= Community media =

Community media (or community broadcasting) refers to media organizations that are owned, controlled, and operated by and for a community, serving its specific interests. These media outlets can take various forms, including print, broadcast (radio and television), and online platforms, and typically operate on a non-profit basis. Community media are characterized by four core principles: community ownership and control, community service, community participation, and a non-profit model.

They often publish in local languages and rely on volunteer contributions, making them affordable and accessible. While traditionally associated with geographical areas, the concept of “community” has expanded to include communities of interest, such as women, LGBTQ+ groups, religious communities, and people with disabilities. This is especially evident in countries like South Africa and the Solomon Islands, where community media serve marginalized voices. Furthermore, virtual communities formed through social media platforms are increasingly seen as part of the community media landscape, provided they align with the core principles.

Community media play a crucial role in fostering media pluralism and supporting democratic functions such as voter education, particularly in reaching audiences that mainstream media may overlook. However, community broadcasting is often subject to regulations that prohibit political campaigning, necessitating careful oversight during election periods.

==Definition==
Community media are forms of media that function in service of or are operated by a community. They include alternative, participatory and collaborative media practices that have developed in the context of community media, citizens' media and other forms of journalism outside mainstream media. They can provide access to or create local alternatives to mainstream broadcasting, including community newspapers, radio stations and magazines. Community Media aids in the process of building citizenship and raising social awareness. "Participation" and "access" are important aspects of community media. Those who create media are encouraged to provide a platform for others to express their views. Community media is often defined differently by different groups, but its broad range of forms can make the boundaries of the concept difficult to establish.

Community media are generally defined as a distinct sector of the media because of their independence, basis in civil society, and provision of a social service rather than a focus on profit. They serve as a third sector of the media alongside private and public media and provide communities with a platform to express their concerns about local issues, participate in democratic debate, and access reliable information. There is no consensus on a single definition, as each region has developed different forms of community media. Community media can also be considered mass media, although it generally serves a smaller and more localized audience than mainstream media.

==Modes of community media==
Community media can take all the forms of other conventional media, such as print, radio, television, Web-based and mixed media.

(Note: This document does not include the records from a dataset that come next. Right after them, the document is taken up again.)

lemma herm_kernel_iff_orthogonal_basis_vec:
  "x \<in> herm_kernel p m \<longleftrightarrow> (\<forall>j. herm p m x (basis_vec j) = 0)"
proof
  assume "\<forall>j. herm p m x (basis_vec j) = 0"
  then have "herm p m x y = 0" for y
    by (subst herm_eq_sum_basis_vec) simp
  then show "x \<in> herm_kernel p m"
    by (simp add: herm_kernel_def)
qed (simp add: herm_kernel_def)

lemma herm_refl_basis_vec:
  "herm p m (refl p m i z) (basis_vec i) = cis (2 * pi / real (p i)) * herm p m z (basis_vec i)"
proof -
  let ?c = "(cis (2 * pi / real (p i)) - 1) * herm p m z (basis_vec i)"
  have "herm p m (refl p m i z) (basis_vec i)
      = herm p m z (basis_vec i) + ?c * herm p m (basis_vec i) (basis_vec i)"
    unfolding herm_basis_vec_right refl_def
    by (simp add: distrib_right sum.distrib sum_distrib_left mult.assoc)
  also have "\<dots> = cis (2 * pi / real (p i)) * herm p m z (basis_vec i)"
    by (simp add: herm_basis_vec_basis_vec alpha_def algebra_simps)
  finally show ?thesis .
qed

lemma inj_refl: "inj (refl p m i)"
proof (rule injI)
  fix z w assume eq: "refl p m i z = refl p m i w"
  then have "herm p m z (basis_vec i) = herm p m w (basis_vec i)"
    using herm_refl_basis_vec[of p m i] by (metis cis_neq_zero mult_cancel_left)
  with eq show "z = w"
    unfolding refl_def by (auto simp: fun_eq_iff dest: fun_cong)
qed

lemma refl_fixes_herm_kernel: "x \<in> herm_kernel p m \<Longrightarrow> refl p m i x = x"
  by (simp add: herm_kernel_def refl_def)

lemma rho_group_fixes_herm_kernel:
  "g \<in> rho_group p m \<Longrightarrow> x \<in> herm_kernel p m \<Longrightarrow> g x = x"
proof (induction g rule: rho_group.induct)
  case (rg_inv g i)
  then show ?case
    by (simp add: inv_f_eq[OF inj_refl refl_fixes_herm_kernel])
qed (simp_all add: refl_fixes_herm_kernel)

lemma refl_in_rho_group: "refl p m i \<in> rho_group p m"
  using rho_group.rg_gen[OF rho_group.rg_id] by simp

lemma sin_pi_div_pos: "(n::nat) \<ge> 2 \<Longrightarrow> sin (pi / real n) > 0"
  by (rule sin_gt_zero) (auto simp: field_simps)

lemma cos_pi_div_diff_pos:
  assumes "(a::nat) \<ge> 2" "(b::nat) \<ge> 2"
  shows "cos (pi / real a - pi / real b) > 0"
proof (rule cos_gt_zero_pi)
  have "pi / real a \<le> pi / 2" "pi / real a > 0" "pi / real b \<le> pi / 2" "pi / real b > 0"
    using assms by (auto simp: field_simps)
  then show "- (pi / 2) < pi / real a - pi / real b" "pi / real a - pi / real b < pi / 2"
    by linarith+
qed

lemma cos_2pi_over_nonneg:
  assumes "e \<ge> 4"
  shows "cos_2pi_over e \<ge> 0"
proof (cases e)
  case (enat k)
  with assms have "k \<ge> 4" by (simp add: numeral_eq_enat)
  then have "2 * pi / real k \<le> pi / 2"
    by (simp add: field_simps)
  then have "cos (2 * pi / real k) \<ge> 0"
    by (intro cos_ge_zero) (auto intro: order_trans[of _ 0])
  then show ?thesis using enat by (simp add: cos_2pi_over_def)
qed (simp add: cos_2pi_over_def)
(* Let $X\subseteq Y$ with $|Y\setminus X|\ge|X|$. Then $\tau_{pp}$ is the only Hausdorff topology $\tau$ on $I(X)$ making $I(X)$ a topological inverse semigroup for which the map $\pi:S_\infty(Y)\to(I(X),\tau)$, $\pi(f)=\widehat f$, is continuous (with $S_\infty(Y)$ carrying the pointwise convergence topology, $Y$ discrete).
   Context: $S_\infty(Y)$ is the group of all bijections $Y\to Y$. $I(X)$ is the set of all bijections $f:A\to B$ with $A,B\subseteq X$ (including the empty map), $\mathrm{dom}(f)=A$, $\mathrm{im}(f)=B$, with composition $\mathrm{dom}(f\circ g)=g^{-1}(\mathrm{dom}(f)\cap\mathrm{im}(g))$ and inversion $f\mapsto f^{-1}$. For $f\in S_\infty(Y)$, $\widehat f$ is the restriction of $f$ to $X\cap f^{-1}(X)$. For $x,y\in X$: $v(x,y)=\{f: x\in\mathrm{dom}(f), f(x)=y\}$, $w_1(x)=\{f: x\notin\mathrm{dom}(f)\}$, $w_2(y)=\{f: y\notin\mathrm{im}(f)\}$; $\tau_{pp}$ is the topology generated by all these sets. A topological inverse semigroup has continuous multiplication and inversion. *)

theory Defs
  imports "HOL-Analysis.Analysis"
begin

text \<open>Partial bijections on X are modelled as partial maps 'a \<Rightarrow> 'a option.\<close>

definition IX :: "'a set \<Rightarrow> ('a \<Rightarrow> 'a option) set" where
  "IX X = {f. dom f \<subseteq> X \<and> ran f \<subseteq> X \<and> inj_on f (dom f)}"

text \<open>Composition f \<circ> g (first g, then f) is map composition (map_comp);
  its domain is g^{-1}(dom f \<inter> im g).\<close>
definition pmult :: "('a \<Rightarrow> 'a option) \<Rightarrow> ('a \<Rightarrow> 'a option) \<Rightarrow> ('a \<Rightarrow> 'a option)" where
  "pmult f g = f \<circ>\<^sub>m g"

definition pinv :: "('a \<Rightarrow> 'a option) \<Rightarrow> ('a \<Rightarrow> 'a option)" where
  "pinv f = (\<lambda>y. if y \<in> ran f then Some (THE x. f x = Some y) else None)"

definition vset :: "'a set \<Rightarrow> 'a \<Rightarrow> 'a \<Rightarrow> ('a \<Rightarrow> 'a option) set" where
  "vset X x y = {f \<in> IX X. f x = Some y}"
lemma feasible_iff_residual_eq_0: "y \<in> feasible_set f l p \<longleftrightarrow> residual f l p y = 0"
proof
  assume "y \<in> feasible_set f l p"
  then show "residual f l p y = 0"
    by (intro antisym residual_le residual_nonneg) (auto simp: feasible_set_def)
next
  assume "residual f l p y = 0"
  then show "y \<in> feasible_set f l p"
    using le_residual[where f=f and l=l and p=p and y=y] by (force simp: feasible_set_def)
qed

lemma residual_le_sum:
  "residual f l p y \<le> (\<Sum>i=1..l. max 0 (f i y)) + (\<Sum>i=l+1..p. \<bar>f i y\<bar>)"
proof (rule residual_le)
  fix i assume "i \<in> {1..l}"
  then have "f i y \<le> (\<Sum>i=1..l. max 0 (f i y))"
    using member_le_sum[of i "{1..l}" "\<lambda>i. max 0 (f i y)"] by fastforce
  then show "f i y \<le> (\<Sum>i=1..l. max 0 (f i y)) + (\<Sum>i=l+1..p. \<bar>f i y\<bar>)"
    by (simp add: add_increasing2 sum_nonneg)
next
  fix i assume "i \<in> {l+1..p}"
  then have "\<bar>f i y\<bar> \<le> (\<Sum>i=l+1..p. \<bar>f i y\<bar>)"
    by (intro member_le_sum) auto
  then show "\<bar>f i y\<bar> \<le> (\<Sum>i=1..l. max 0 (f i y)) + (\<Sum>i=l+1..p. \<bar>f i y\<bar>)"
    by (simp add: add_increasing sum_nonneg)
qed (simp add: sum_nonneg)

lemma residual_tendsto_0:
  assumes "l \<le> p" "\<And>i. i \<in> {1..p} \<Longrightarrow> ((\<lambda>k. F k i (Y k)) \<longlongrightarrow> f i y) G"
    and "y \<in> feasible_set f l p"
  shows "((\<lambda>k. residual (F k) l p (Y k)) \<longlongrightarrow> 0) G"
proof (rule tendsto_sandwich[OF _ _ tendsto_const])
  have "((\<lambda>k. (\<Sum>i=1..l. max 0 (F k i (Y k))) + (\<Sum>i=l+1..p. \<bar>F k i (Y k)\<bar>))
      \<longlongrightarrow> (\<Sum>i=1..l. max 0 (f i y)) + (\<Sum>i=l+1..p. \<bar>f i y\<bar>)) G"
    using assms(1,2) by (intro tendsto_intros) auto
  moreover have "(\<Sum>i=1..l. max 0 (f i y)) + (\<Sum>i=l+1..p. \<bar>f i y\<bar>) = 0"
    using assms(3) by (simp add: feasible_set_def)
  ultimately show "((\<lambda>k. (\<Sum>i=1..l. max 0 (F k i (Y k))) + (\<Sum>i=l+1..p. \<bar>F k i (Y k)\<bar>)) \<longlongrightarrow> 0) G"
    by simp
qed (intro always_eventually allI residual_nonneg residual_le_sum)+

lemma feasible_if_residual_tendsto_0:
  assumes "l \<le> p" "\<And>i. i \<in> {1..p} \<Longrightarrow> ((\<lambda>k. F k i (Y k)) \<longlongrightarrow> f i y) G"
    and "G \<noteq> bot" "((\<lambda>k. residual (F k) l p (Y k)) \<longlongrightarrow> 0) G"
  shows "y \<in> feasible_set f l p"
  unfolding feasible_set_def
proof (intro CollectI conjI ballI)
  fix i assume i: "i \<in> {1..l}"
  with assms(1) show "f i y \<le> 0"
    by (intro tendsto_le[OF assms(3,4) assms(2)]) (auto intro!: always_eventually le_residual)
next
  fix i assume i: "i \<in> {l+1..p}"
  with assms(1) have "\<bar>f i y\<bar> \<le> 0"
    by (intro tendsto_le[OF assms(3,4) tendsto_rabs[OF assms(2)]]) (auto intro!: always_eventually le_residual)
  then show "f i y = 0"
    by simp
qed

definition active_constraints :: "(nat \<Rightarrow> 'a \<Rightarrow> real) \<Rightarrow> nat \<Rightarrow> nat \<Rightarrow> 'a \<Rightarrow> (nat \<times> bool) set" where
  "active_constraints f l p y = {(i, True) | i. i \<in> {1..l} \<and> f i y = 0} \<union> {l+1..p} \<times> UNIV"

definition signed_gradient :: "(nat \<Rightarrow> 'a::ab_group_add) \<Rightarrow> nat \<times> bool \<Rightarrow> 'a" where
  "signed_gradient g \<gamma> = (if snd \<gamma> then g (fst \<gamma>) else - g (fst \<gamma>))"

text \<open>Since \<open>max (a \<bullet> d) (- a \<bullet> d) = \<bar>a \<bullet> d\<bar>\<close>, this is the residual in direction \<open>d\<close> of the
  linearization at \<open>y\<close> of the active constraints.\<close>
definition linearized_residual ::
    "(nat \<Rightarrow> 'a \<Rightarrow> real) \<Rightarrow> (nat \<Rightarrow> 'a::real_inner) \<Rightarrow> nat \<Rightarrow> nat \<Rightarrow> 'a \<Rightarrow> 'a \<Rightarrow> real" where
  "linearized_residual f g l p y d =
     Max (insert 0 ((\<lambda>\<gamma>. signed_gradient g \<gamma> \<bullet> d) ` active_constraints f l p y))"

lemma active_constraints_subset: "l \<le> p \<Longrightarrow> active_constraints f l p y \<subseteq> {1..p} \<times> UNIV"
  by (auto simp: active_constraints_def)

lemma finite_active_constraints: "l \<le> p \<Longrightarrow> finite (active_constraints f l p y)"
  by (rule finite_subset[OF active_constraints_subset]) (auto intro: finite_cartesian_product)

lemma linearized_residual_ge:
  assumes "l \<le> p"
  shows "0 \<le> linearized_residual f g l p y d"
    and "\<gamma> \<in> active_constraints f l p y \<Longrightarrow> signed_gradient g \<gamma> \<bullet> d \<le> linearized_residual f g l p y d"
  unfolding linearized_residual_def using finite_active_constraints[OF assms, of f y]
  by (intro Max_ge; simp)+

lemma residual_le_linearized_residual:
  assumes "l \<le> p" and y: "y \<in> feasible_set f l p" and "0 < t" "0 \<le> e"
    and linear: "\<And>i. i \<in> {1..p} \<Longrightarrow> \<bar>f i (y + t *\<^sub>R d) - f i y - t * (g i \<bullet> d)\<bar> \<le> t * e"
    and inactive: "\<And>i. i \<in> {1..l} \<Longrightarrow> f i y \<noteq> 0 \<Longrightarrow> f i (y + t *\<^sub>R d) < 0"
  shows "residual f l p (y + t *\<^sub>R d) \<le> t * (linearized_residual f g l p y d + e)"
proof (rule residual_le)
  let ?\<phi> = "linearized_residual f g l p y d"
  have \<phi>: "0 \<le> ?\<phi>" "\<And>\<gamma>. \<gamma> \<in> active_constraints f l p y \<Longrightarrow> signed_gradient g \<gamma> \<bullet> d \<le> ?\<phi>"
    using linearized_residual_ge[OF \<open>l \<le> p\<close>] by blast+
  then show nonneg: "0 \<le> t * (?\<phi> + e)"
    using \<open>0 < t\<close> \<open>0 \<le> e\<close> by simp
  fix i assume i: "i \<in> {1..l}"
  show "f i (y + t *\<^sub>R d) \<le> t * (?\<phi> + e)"
  proof (cases "f i y = 0")
    case True
    then have "g i \<bullet> d \<le> ?\<phi>"
      using \<phi>(2)[of "(i, True)"] i by (simp add: active_constraints_def signed_gradient_def)
    then have "t * (g i \<bullet> d) \<le> t * ?\<phi>"
      using \<open>0 < t\<close> by (simp add: mult_left_mono)
    moreover have "\<bar>f i (y + t *\<^sub>R d) - t * (g i \<bullet> d)\<bar> \<le> t * e"
      using linear[of i] i \<open>l \<le> p\<close> True by simp
    ultimately show ?thesis
      by (simp add: abs_le_iff distrib_left)
  next
    case False
    with inactive[OF i] nonneg show ?thesis
      by linarith
  qed
next
  let ?\<phi> = "linearized_residual f g l p y d"
  fix i assume i: "i \<in> {l+1..p}"
  then have "(i, True) \<in> active_constraints f l p y" "(i, False) \<in> active_constraints f l p y"
    by (auto simp: active_constraints_def)
  then have "g i \<bullet> d \<le> ?\<phi>" "- (g i \<bullet> d) \<le> ?\<phi>"
    using linearized_residual_ge(2)[OF \<open>l \<le> p\<close>] by (fastforce simp: signed_gradient_def)+
  then have "t * (g i \<bullet> d) \<le> t * ?\<phi>" "t * - (g i \<bullet> d) \<le> t * ?\<phi>"
    using \<open>0 < t\<close> by (intro mult_left_mono; simp)+
  moreover have "\<bar>f i (y + t *\<^sub>R d) - t * (g i \<bullet> d)\<bar> \<le> t * e"
    using linear[of i] i y by (simp add: feasible_set_def)
  ultimately show "\<bar>f i (y + t *\<^sub>R d)\<bar> \<le> t * (?\<phi> + e)"
    by (simp add: abs_le_iff distrib_left)
qed
lemma sqrt_integral_sin_square_lipschitz:
  fixes k :: "'a::euclidean_space \<Rightarrow> real"
  assumes nonneg: "\<And>x. 0 \<le> k x" and int_k: "integrable lborel k"
    and moment: "integrable lborel (\<lambda>x. (norm x)\<^sup>2 * k x)"
  shows "(pi * sqrt (\<integral>x. (norm x)\<^sup>2 * k x \<partial>lborel))-lipschitz_on UNIV
    (\<lambda>\<xi>. sqrt (\<integral>x. k x * (sin (pi * (x \<bullet> \<xi>)))\<^sup>2 \<partial>lborel))"
proof -
  define m where "m = (\<integral>x. (norm x)\<^sup>2 * k x \<partial>lborel)"
  define s where "s \<xi> x = sin (pi * (x \<bullet> \<xi>))" for \<xi> x :: 'a
  define A where "A \<xi> = sqrt (\<integral>x. k x * (s \<xi> x)\<^sup>2 \<partial>lborel)" for \<xi>
  have [measurable]: "k \<in> borel_measurable lborel" "s \<xi> \<in> borel_measurable lborel" for \<xi>
    using borel_measurable_integrable[OF int_k] unfolding s_def by auto
  have int_s: "integrable lborel (\<lambda>x. k x * (s \<xi> x)\<^sup>2)" for \<xi>
    using int_k by (rule integrable_mult_bounded[where B = 1]) (auto simp: s_def abs_square_le_1)
  have "0 \<le> m"
    unfolding m_def using nonneg by (intro integral_nonneg_AE AE_I2) simp
  have step: "A \<xi> \<le> A \<eta> + pi * sqrt m * norm (\<xi> - \<eta>)" for \<xi> \<eta>
  proof -
    define c where "c = (pi * norm (\<xi> - \<eta>))\<^sup>2"
    have pointwise: "k x * (s \<xi> x - s \<eta> x)\<^sup>2 \<le> c * ((norm x)\<^sup>2 * k x)" for x
    proof -
      have "\<bar>s \<xi> x - s \<eta> x\<bar> \<le> \<bar>pi * (x \<bullet> \<xi>) - pi * (x \<bullet> \<eta>)\<bar>"
        unfolding s_def by (rule abs_sin_diff_le)
      also have "\<dots> = pi * \<bar>x \<bullet> (\<xi> - \<eta>)\<bar>"
        by (simp add: inner_diff_right abs_mult flip: right_diff_distrib)
      also have "\<dots> \<le> pi * (norm x * norm (\<xi> - \<eta>))"
        by (intro mult_left_mono Cauchy_Schwarz_ineq2) auto
      finally have "(s \<xi> x - s \<eta> x)\<^sup>2 \<le> (pi * (norm x * norm (\<xi> - \<eta>)))\<^sup>2"
        by (metis abs_ge_zero power2_abs power_mono)
      then show ?thesis
        using nonneg[of x] by (simp add: c_def mult_left_mono algebra_simps)
    qed
    have int_bound: "integrable lborel (\<lambda>x. c * ((norm x)\<^sup>2 * k x))"
      using moment by simp
    have int_diff: "integrable lborel (\<lambda>x. k x * (s \<xi> x - s \<eta> x)\<^sup>2)"
      by (rule Bochner_Integration.integrable_bound[OF int_bound])
        (use nonneg pointwise in \<open>auto intro: order_trans[OF _ abs_ge_self]\<close>)
    have "(\<integral>x. k x * (s \<xi> x - s \<eta> x)\<^sup>2 \<partial>lborel) \<le> (\<integral>x. c * ((norm x)\<^sup>2 * k x) \<partial>lborel)"
      using int_diff int_bound pointwise by (rule integral_mono)
    also have "\<dots> = c * m"
      by (simp add: m_def)
    finally have "sqrt (\<integral>x. k x * (s \<xi> x - s \<eta> x)\<^sup>2 \<partial>lborel) \<le> sqrt (c * m)"
      by (rule real_sqrt_le_mono)
    also have "\<dots> = pi * sqrt m * norm (\<xi> - \<eta>)"
      by (simp add: c_def real_sqrt_mult)
    finally have "sqrt (\<integral>x. k x * (s \<xi> x - s \<eta> x)\<^sup>2 \<partial>lborel)
        \<le> pi * sqrt m * norm (\<xi> - \<eta>)" .
    moreover have "A \<xi> \<le> sqrt (\<integral>x. k x * (s \<xi> x - s \<eta> x)\<^sup>2 \<partial>lborel) + A \<eta>"
      using weighted_Minkowski[of k lborel "\<lambda>x. s \<xi> x - s \<eta> x" "s \<eta>"] nonneg int_s int_diff
      by (simp add: A_def)
    ultimately show ?thesis by simp
  qed
  have "(pi * sqrt m)-lipschitz_on UNIV A"
  proof (rule lipschitz_onI)
    fix \<xi> \<eta> :: 'a
    show "dist (A \<xi>) (A \<eta>) \<le> pi * sqrt m * dist \<xi> \<eta>"
      using step[of \<xi> \<eta>] step[of \<eta> \<xi>]
      by (simp add: dist_norm dist_real_def norm_minus_commute)
  qed (use \<open>0 \<le> m\<close> in simp)
  then show ?thesis
    unfolding A_def s_def m_def .
qed
theorem lemmaS5:
  fixes n :: nat
    and x :: "nat \<Rightarrow> 'x" and s :: "nat \<Rightarrow> 's" and a0 a1 :: "nat \<Rightarrow> 'a"
    and y :: "nat \<Rightarrow> real"
    and phi :: "'s \<Rightarrow> 'a \<Rightarrow> real ^ 'd1"
    and psi0 :: "'x \<Rightarrow> real" and psi :: "'x \<Rightarrow> real ^ 'd2"
    and phimax psimax thetamax gammamax b :: real
    and theta_s :: "real ^ 'd1" and gamma_s :: "real ^ 'd2"
  assumes b: "b \<ge> 0"
    and y01: "\<forall>i<n. y i \<in> {0, 1}"
    and A1_phi: "\<forall>st ac. norm (phi st ac) \<le> phimax"
    and A1_theta: "theta_s \<in> Theta thetamax"
    and A2_psi0: "\<exists>xx. psi0 xx \<noteq> 0"
    and A2_psi: "\<forall>xx. sqrt ((psi0 xx)\<^sup>2 + (norm (psi xx))\<^sup>2) \<le> psimax"
    and A2_gamma: "gamma_s \<in> Gamma gammamax"
  shows "let L = Ln n x s a0 a1 y phi psi0 psi;
             d1 = real CARD('d1); d2 = real CARD('d2);
             Mt = phimax * psimax * (2 + (b * max (sqrt d1 * thetamax) (sqrt d2 * gammamax) / sqrt 2
                    + sqrt (d1 * d2) * gammamax * thetamax) * phimax * psimax)
         in (\<forall>\<theta> \<gamma> \<gamma>'. norm (\<theta> - theta_s) \<le> b / sqrt 2 \<and> \<gamma>' \<in> Gamma gammamax \<longrightarrow>
               norm (grad (\<lambda>t. L t \<gamma>) \<theta> - grad (\<lambda>t. L t \<gamma>') \<theta>) \<le> Mt * norm (\<gamma> - \<gamma>'))
          \<and> (\<forall>\<gamma> \<theta> \<theta>'. norm (\<gamma> - gamma_s) \<le> b / sqrt 2 \<and> \<theta>' \<in> Theta thetamax \<longrightarrow>
               norm (grad (\<lambda>g. L \<theta> g) \<gamma> - grad (\<lambda>g. L \<theta>' g) \<gamma>) \<le> Mt * norm (\<theta> - \<theta>'))"
proof -
  define p q e where "p = sqrt (real CARD('d1)) * thetamax" and "q = sqrt (real CARD('d2)) * gammamax"
    and "e = b / sqrt 2"
  have S: "b * max (sqrt (real CARD('d1)) * thetamax) (sqrt (real CARD('d2)) * gammamax) / sqrt 2
             + sqrt (real CARD('d1) * real CARD('d2)) * gammamax * thetamax = e * max p q + p * q"
    by (simp add: p_def q_def e_def real_sqrt_mult mult_ac)
  have "0 \<le> e"
    using b by (simp add: e_def)
  have theta_s: "norm theta_s \<le> p" and gamma_s: "max 1 (norm gamma_s) \<le> q"
    using norm_le_of_Theta[OF A1_theta] max_one_norm_le_of_Gamma[OF A2_gamma] by (simp_all add: p_def q_def)
  have "norm \<theta> * max 1 (norm \<gamma>') \<le> e * max p q + p * q"
    if "norm (\<theta> - theta_s) \<le> e" "\<gamma>' \<in> Gamma gammamax" for \<theta> :: "real ^ 'd1" and \<gamma>' :: "real ^ 'd2"
    using norm_triangle_sub[of \<theta> theta_s] theta_s that max_one_norm_le_of_Gamma[OF that(2)] \<open>0 \<le> e\<close>
    by (intro mult_le_add_max) (auto simp: q_def)
  moreover have "norm \<theta>' * max 1 (norm \<gamma>) \<le> e * max p q + p * q"
    if "norm (\<gamma> - gamma_s) \<le> e" "\<theta>' \<in> Theta thetamax" for \<gamma> :: "real ^ 'd2" and \<theta>' :: "real ^ 'd1"
    using mult_le_add_max[of "max 1 (norm \<gamma>)" q e "norm \<theta>'" p] norm_triangle_sub[of \<gamma> gamma_s]
      gamma_s that norm_le_of_Theta[OF that(2)] \<open>0 \<le> e\<close>
    by (auto simp: p_def max.commute mult.commute)
  ultimately show ?thesis
    unfolding Let_def S e_def[symmetric]
    using norm_grad_theta_diff_le[OF y01 A1_phi A2_psi] norm_grad_gamma_diff_le[OF y01 A1_phi A2_psi]
    by blast
qed

end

Community radio is particularly widespread around the world with radio stations being founded to inform their listeners on issues important to the community.

Community television is a form of mass media in which a television station is owned, operated, or programmed by a community group to provide television programming focused on local interests.

==Grassroots media==
Grassroots media is focused more specifically on media making by and for the local community that it serves making the discussion more narrow and precise. It is essentially a subset focusing on small scale media projects which aim to bring different visions and perspectives to the "codes", that are so easily embedded in the social psyche.

==Challenges==
Despite the social service they provide through their focus on local issues, community media often face a number of challenges, including unfavourable regulation, censorship, unfair licensing processes, inequitable access to the frequency spectrum, lack of formal recognition, low funding, lack of skilled journalists and media professionals, and competition from private and state broadcasters.

==By region==

=== United States ===

The first Public-access television station in the United States considered to be community media was set up in 1968 in Dale City, Virginia. It was managed by the city's Junior Chamber of Commerce and ran programming for two years without advertising. It closed due to lack of financing, equipment, and infrastructure. Another early example of community media is found in the counter-culture video collectives of the 1960s and 1970s.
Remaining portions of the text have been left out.